__Brief__. In the material below, find the line with "by (metis sum_list_0)" and the line with "by (simp add: case_prod_unfold", then output those two lines and every line between them, exactly.
Data: Begin
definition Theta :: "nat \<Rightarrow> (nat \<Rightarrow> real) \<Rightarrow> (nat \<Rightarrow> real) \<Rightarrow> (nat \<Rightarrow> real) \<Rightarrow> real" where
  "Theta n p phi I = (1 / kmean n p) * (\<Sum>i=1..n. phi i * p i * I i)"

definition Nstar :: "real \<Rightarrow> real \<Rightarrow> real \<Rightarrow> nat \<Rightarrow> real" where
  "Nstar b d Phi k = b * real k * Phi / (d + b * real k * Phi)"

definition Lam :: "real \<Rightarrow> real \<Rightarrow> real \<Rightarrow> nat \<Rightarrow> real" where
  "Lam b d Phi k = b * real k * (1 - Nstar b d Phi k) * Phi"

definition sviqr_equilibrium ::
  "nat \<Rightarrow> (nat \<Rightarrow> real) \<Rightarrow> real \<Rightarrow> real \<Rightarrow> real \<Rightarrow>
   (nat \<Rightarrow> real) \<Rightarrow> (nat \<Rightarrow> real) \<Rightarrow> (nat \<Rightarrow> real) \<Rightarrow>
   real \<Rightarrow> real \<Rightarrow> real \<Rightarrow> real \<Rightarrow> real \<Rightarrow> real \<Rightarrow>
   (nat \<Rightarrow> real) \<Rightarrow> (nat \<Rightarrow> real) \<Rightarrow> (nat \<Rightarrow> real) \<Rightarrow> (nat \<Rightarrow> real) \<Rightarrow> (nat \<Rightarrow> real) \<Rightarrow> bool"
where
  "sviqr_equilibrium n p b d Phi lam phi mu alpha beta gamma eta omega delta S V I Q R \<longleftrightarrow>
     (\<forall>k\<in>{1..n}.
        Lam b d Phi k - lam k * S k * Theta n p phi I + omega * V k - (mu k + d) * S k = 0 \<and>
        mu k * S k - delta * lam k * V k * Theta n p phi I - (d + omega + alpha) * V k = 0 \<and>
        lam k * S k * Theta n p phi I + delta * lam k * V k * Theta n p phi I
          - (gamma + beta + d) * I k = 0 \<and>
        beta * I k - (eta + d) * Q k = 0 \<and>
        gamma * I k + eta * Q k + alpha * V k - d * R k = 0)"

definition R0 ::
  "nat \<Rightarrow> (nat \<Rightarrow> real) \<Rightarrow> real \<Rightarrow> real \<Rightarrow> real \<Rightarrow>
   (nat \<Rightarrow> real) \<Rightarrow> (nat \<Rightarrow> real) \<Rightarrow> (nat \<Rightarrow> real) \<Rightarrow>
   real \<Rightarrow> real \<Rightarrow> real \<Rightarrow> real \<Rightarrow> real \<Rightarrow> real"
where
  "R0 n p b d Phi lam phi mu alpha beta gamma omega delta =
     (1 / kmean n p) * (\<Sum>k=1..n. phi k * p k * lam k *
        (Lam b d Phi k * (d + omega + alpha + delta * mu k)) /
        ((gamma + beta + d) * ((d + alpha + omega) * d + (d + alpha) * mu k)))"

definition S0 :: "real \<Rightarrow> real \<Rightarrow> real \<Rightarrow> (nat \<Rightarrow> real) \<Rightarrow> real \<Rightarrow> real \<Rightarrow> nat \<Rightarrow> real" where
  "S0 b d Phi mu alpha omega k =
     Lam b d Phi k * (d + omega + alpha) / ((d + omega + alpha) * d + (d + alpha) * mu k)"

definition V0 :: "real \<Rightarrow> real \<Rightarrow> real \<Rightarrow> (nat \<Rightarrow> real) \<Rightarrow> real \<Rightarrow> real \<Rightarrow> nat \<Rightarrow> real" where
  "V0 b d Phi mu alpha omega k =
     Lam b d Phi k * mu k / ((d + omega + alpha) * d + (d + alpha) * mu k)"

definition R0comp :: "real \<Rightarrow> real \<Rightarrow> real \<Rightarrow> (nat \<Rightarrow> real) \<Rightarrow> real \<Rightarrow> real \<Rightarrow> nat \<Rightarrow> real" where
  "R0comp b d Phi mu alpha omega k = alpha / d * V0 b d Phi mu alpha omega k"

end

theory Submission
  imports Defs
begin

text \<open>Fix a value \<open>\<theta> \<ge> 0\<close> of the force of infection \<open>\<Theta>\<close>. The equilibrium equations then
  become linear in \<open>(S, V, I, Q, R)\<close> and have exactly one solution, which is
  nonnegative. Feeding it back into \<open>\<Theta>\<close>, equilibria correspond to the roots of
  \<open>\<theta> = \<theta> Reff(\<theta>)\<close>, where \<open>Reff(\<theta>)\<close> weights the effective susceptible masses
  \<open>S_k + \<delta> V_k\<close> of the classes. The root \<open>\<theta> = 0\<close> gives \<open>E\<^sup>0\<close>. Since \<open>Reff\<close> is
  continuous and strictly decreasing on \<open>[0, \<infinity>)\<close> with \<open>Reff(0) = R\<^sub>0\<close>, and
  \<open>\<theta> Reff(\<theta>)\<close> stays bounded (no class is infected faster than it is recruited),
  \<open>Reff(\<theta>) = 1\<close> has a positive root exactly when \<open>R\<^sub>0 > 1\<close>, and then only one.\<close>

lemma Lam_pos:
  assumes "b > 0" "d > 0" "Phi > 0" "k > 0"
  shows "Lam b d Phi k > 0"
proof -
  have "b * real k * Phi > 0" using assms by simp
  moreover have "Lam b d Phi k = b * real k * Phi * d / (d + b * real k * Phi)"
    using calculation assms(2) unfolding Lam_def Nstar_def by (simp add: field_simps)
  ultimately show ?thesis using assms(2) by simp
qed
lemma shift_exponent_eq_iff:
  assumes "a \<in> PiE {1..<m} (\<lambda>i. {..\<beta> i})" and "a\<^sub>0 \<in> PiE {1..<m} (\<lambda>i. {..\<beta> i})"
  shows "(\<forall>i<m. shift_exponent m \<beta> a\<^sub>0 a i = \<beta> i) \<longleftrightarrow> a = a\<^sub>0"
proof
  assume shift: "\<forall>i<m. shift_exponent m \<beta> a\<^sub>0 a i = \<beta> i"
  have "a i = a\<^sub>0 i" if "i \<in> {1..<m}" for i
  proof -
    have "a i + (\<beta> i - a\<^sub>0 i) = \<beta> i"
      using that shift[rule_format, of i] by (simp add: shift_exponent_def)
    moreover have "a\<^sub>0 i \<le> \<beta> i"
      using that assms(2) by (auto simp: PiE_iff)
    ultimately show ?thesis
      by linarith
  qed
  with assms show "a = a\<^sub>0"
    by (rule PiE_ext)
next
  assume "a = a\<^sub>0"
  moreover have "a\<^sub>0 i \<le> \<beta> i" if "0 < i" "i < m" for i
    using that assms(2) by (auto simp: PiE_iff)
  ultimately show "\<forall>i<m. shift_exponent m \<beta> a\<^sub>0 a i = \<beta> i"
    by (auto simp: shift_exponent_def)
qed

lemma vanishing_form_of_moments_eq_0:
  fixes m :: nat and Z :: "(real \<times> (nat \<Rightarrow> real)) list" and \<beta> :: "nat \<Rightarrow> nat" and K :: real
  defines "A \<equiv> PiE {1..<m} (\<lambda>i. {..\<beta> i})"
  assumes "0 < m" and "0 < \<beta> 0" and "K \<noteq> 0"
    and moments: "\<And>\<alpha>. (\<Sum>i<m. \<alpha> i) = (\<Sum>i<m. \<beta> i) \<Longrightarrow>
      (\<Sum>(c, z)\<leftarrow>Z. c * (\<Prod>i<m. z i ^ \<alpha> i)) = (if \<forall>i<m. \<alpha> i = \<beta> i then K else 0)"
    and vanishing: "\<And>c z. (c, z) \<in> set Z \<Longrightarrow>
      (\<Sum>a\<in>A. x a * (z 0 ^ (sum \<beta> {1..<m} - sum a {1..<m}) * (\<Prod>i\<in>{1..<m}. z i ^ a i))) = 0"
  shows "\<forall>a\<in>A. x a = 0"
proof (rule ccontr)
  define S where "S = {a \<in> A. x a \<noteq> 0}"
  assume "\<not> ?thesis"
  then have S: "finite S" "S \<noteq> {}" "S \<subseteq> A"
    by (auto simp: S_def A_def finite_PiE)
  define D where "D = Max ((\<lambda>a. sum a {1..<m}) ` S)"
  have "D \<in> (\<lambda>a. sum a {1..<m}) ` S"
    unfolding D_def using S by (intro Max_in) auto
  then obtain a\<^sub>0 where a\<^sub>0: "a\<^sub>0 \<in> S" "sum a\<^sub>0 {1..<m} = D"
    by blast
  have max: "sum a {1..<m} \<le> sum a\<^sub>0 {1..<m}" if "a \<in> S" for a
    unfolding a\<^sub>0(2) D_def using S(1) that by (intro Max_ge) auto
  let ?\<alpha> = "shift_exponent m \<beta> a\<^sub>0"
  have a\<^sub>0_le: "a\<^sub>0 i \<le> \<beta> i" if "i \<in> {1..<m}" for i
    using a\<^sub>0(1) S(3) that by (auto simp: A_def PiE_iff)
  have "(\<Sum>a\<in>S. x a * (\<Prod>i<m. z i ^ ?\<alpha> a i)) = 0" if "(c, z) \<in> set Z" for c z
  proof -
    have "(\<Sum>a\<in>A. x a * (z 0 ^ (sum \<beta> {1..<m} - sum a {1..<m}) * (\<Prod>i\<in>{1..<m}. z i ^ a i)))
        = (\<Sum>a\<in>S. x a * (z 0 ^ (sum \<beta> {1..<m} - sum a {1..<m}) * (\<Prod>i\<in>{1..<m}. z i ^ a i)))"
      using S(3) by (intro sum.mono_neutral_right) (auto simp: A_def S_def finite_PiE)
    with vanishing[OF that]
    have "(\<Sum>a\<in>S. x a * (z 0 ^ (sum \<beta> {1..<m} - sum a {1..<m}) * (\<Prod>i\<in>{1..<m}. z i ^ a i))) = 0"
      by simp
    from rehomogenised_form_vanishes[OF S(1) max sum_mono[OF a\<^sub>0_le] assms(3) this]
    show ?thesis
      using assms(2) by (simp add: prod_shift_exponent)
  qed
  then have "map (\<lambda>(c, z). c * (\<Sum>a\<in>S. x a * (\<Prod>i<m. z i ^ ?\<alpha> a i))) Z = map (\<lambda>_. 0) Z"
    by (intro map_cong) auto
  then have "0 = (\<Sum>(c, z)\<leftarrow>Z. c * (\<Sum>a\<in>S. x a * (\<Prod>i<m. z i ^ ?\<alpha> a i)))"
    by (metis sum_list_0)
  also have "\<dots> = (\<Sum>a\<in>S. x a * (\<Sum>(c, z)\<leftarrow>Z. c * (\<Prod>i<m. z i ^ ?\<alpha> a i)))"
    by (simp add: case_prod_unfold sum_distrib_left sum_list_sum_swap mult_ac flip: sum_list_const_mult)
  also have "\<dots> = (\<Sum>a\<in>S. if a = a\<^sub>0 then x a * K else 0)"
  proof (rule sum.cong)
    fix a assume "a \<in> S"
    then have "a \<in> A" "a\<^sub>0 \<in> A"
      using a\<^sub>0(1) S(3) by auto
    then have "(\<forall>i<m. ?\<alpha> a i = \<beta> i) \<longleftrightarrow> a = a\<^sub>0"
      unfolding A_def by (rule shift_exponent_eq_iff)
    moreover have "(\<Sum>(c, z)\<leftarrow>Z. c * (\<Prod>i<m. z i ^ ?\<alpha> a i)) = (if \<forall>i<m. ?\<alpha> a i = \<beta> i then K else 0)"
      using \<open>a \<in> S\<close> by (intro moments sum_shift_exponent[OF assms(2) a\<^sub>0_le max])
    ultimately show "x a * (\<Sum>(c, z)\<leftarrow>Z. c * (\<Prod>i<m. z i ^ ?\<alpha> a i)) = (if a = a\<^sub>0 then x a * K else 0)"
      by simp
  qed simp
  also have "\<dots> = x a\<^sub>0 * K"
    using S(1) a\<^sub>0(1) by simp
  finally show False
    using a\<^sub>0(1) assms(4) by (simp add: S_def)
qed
Data: End
__Output for this task__.
    by (metis sum_list_0)
  also have "\<dots> = (\<Sum>a\<in>S. x a * (\<Sum>(c, z)\<leftarrow>Z. c * (\<Prod>i<m. z i ^ ?\<alpha> a i)))"
    by (simp add: case_prod_unfold sum_distrib_left sum_list_sum_swap mult_ac flip: sum_list_const_mult)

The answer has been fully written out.